Should you hire an attorney to help you with your ERISA Appeal?
If your claim for benefits under an ERISA plan is denied, you cannot immediately file a lawsuit to collect your benefits. Instead, you will be required to file at least one appeal with the very same company that denied your claim in the first place. While the insurance company is perfectly happy to allow you to conduct the appeal without the help of an attorney, by doing so, you might be handicapping your chances of winning a lawsuit if/when the company denies your appeal.
When you appeal your claim for benefits, the insurance company NEVER TELLS YOU that you will not be allowed to use new evidence to support your claim in your lawsuit. In most cases, you will instead be limited to the documents in the insurance company’s file. Thus, the worst thing you can do is simply tell the insurance company that you disagree with their decision and would like to appeal. But if you hire an attorney who has strong experience handling ERISA matters, including litigating them, that attorney can help ensure that your file contains all of the documents and information that you will need in your lawsuit. An attorney can also help identify problems with the insurance company’s initial review, and make sure those problems are noted in the record for use in the litigation. In addition, when confronted with the arguments of experienced ERISA attorneys such as McKennon Law Group PC, the insurance company or plan administrator will often reverse itself and approve the claim for benefits.
Accordingly, when confronted with ERISA insurance claims appeals under a disability, life insurance or annuity plan governed by ERISA, the best thing you can do to increase your chances on appeal is hire an experienced ERISA attorney to help you through the process.
Who may sue to enforce ERISA’s remedies?
Only a plan participant, beneficiary or fiduciary may sue.
Who may be sued when ERISA applies?
An action to recover benefits or enforce rights under the plan (29 USC § 1132(a)(1)(B)) lies against the plan itself or against the plan administrator (the person or entity designated by the plan) and against the claims administrator (typically the insurer that issued the group policy).
Are jury trials allowed in ERISA actions?
No. There is generally no right to a jury trial in ERISA actions. Rather, the “trial” is generally a hearing before the court based on the Administrative Record and, in some cases, evidence the court allows outside of the Administrative Record.
What remedies are available to ERISA plan participants in an action for benefits under the plan?
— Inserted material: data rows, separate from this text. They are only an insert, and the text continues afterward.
lemma homogeneous_step_solution_eq_0:
  assumes "step_system_rhs H A M l k B s t w y z 0"
  shows "s = 0 \<and> t = 0 \<and> w = 0\<^sub>v (card B) \<and> y = 0\<^sub>v m \<and> z = 0"
proof -
  obtain s0 t0 w0 y0 z0 where sol: "step_system H A M l k B s0 t0 w0 y0 z0"
    and only: "\<And>s' t' w' y' z'. step_system H A M l k B s' t' w' y' z' \<Longrightarrow>
                 (s', t', w', y', z') = (s0, t0, w0, y0, z0)"
  proof -
    from unique obtain p where "case p of (s, t, w, y, z) \<Rightarrow> step_system H A M l k B s t w y z"
      and "\<And>p'. case p' of (s, t, w, y, z) \<Rightarrow> step_system H A M l k B s t w y z \<Longrightarrow> p' = p"
      by (rule ex1E) blast
    then show thesis by (cases p) (metis (mono_tags, lifting) case_prod_conv that)
  qed
  have dims: "w0 \<in> carrier_vec (card B)" "w \<in> carrier_vec (card B)"
    "y0 \<in> carrier_vec m" "y \<in> carrier_vec m"
    using sol assms A unfolding step_system_iff_rhs_1 step_system_rhs_def Let_def by auto
  have "step_system_rhs H A M l k B (1 * s0 + 1 * s) (1 * t0 + 1 * t) (1 \<cdot>\<^sub>v w0 + 1 \<cdot>\<^sub>v w)
      (1 \<cdot>\<^sub>v y0 + 1 \<cdot>\<^sub>v y) (1 * z0 + 1 * z) (1 * 1 + 1 * 0)"
    using sol assms by (intro step_system_rhs_lincomb) (simp_all add: step_system_iff_rhs_1)
  then have "(s0 + s, t0 + t, w0 + w, y0 + y, z0 + z) = (s0, t0, w0, y0, z0)"
    using dims by (intro only) (simp add: step_system_iff_rhs_1)
  then show ?thesis
    using dims add_vec_eq_self_imp_eq_0 by auto
qed
lemma rat_bits_mult: "rat_bits (p * q) \<le> rat_bits p + rat_bits q"
proof -
  obtain a c where p: "quotient_of p = (a, c)" by (cases "quotient_of p")
  obtain b d where q: "quotient_of q = (b, d)" by (cases "quotient_of q")
  have "c > 0" "d > 0" using quotient_of_denom_pos[OF p] quotient_of_denom_pos[OF q] .
  define g where "g = gcd (a * b) (c * d)"
  have "g > 0" unfolding g_def using \<open>c > 0\<close> \<open>d > 0\<close> by (simp add: gcd_pos_int)
  have pq: "quotient_of (p * q) = (a * b div g, c * d div g)"
    using rat_times_code[of p q] p q \<open>c > 0\<close> \<open>d > 0\<close> by (simp add: normalize_def g_def Let_def)
  have shrink: "\<bar>k div g\<bar> \<le> \<bar>k\<bar>" if "g dvd k" for k
    using that \<open>g > 0\<close> by (auto simp: abs_mult mult_le_cancel_right1 elim!: dvdE)
  have "\<bar>a * b div g\<bar> \<le> \<bar>a * b\<bar>" "c * d div g \<le> c * d"
    using shrink[of "a * b"] shrink[of "c * d"] \<open>c > 0\<close> \<open>d > 0\<close> unfolding g_def by auto
  then have "rat_bits (p * q) \<le> 1 + nat_bits (nat \<bar>a * b\<bar>) + nat_bits (nat (c * d))"
    unfolding rat_bits_def pq using nat_bits_mono by (simp add: add_mono nat_mono)
  also have "\<dots> \<le> 1 + (nat_bits (nat \<bar>a\<bar>) + nat_bits (nat \<bar>b\<bar>)) + (nat_bits (nat c) + nat_bits (nat d))"
    using nat_bits_mult[of "nat \<bar>a\<bar>" "nat \<bar>b\<bar>"] nat_bits_mult[of "nat c" "nat d"] \<open>c > 0\<close> \<open>d > 0\<close>
    by (simp add: abs_mult nat_mult_distrib)
  also have "\<dots> \<le> rat_bits p + rat_bits q" unfolding rat_bits_def p q by simp
  finally show ?thesis .
qed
ERISA provides an exclusive remedial scheme for insureds who have been denied benefits. A plan participant may sue “to recover benefits due to him under the terms of his plan, to enforce his rights under the terms of the plan, or to clarify his rights to future benefits under the terms of the plan.” 29 U.S.C. § 1132(a)(1)(B). In addition, they may be entitled to attorney fees and interest, but these are discretionary. 29 USC § 1132(g). There is a presumption in favor of a fee award to successful ERISA plaintiffs “unless special circumstances would render such an award unjust.” McElwaine v. US West, Inc., 176 F.3d 1167, 1172 (9th Cir. 1999).
How will a court interpret an ERISA plan document?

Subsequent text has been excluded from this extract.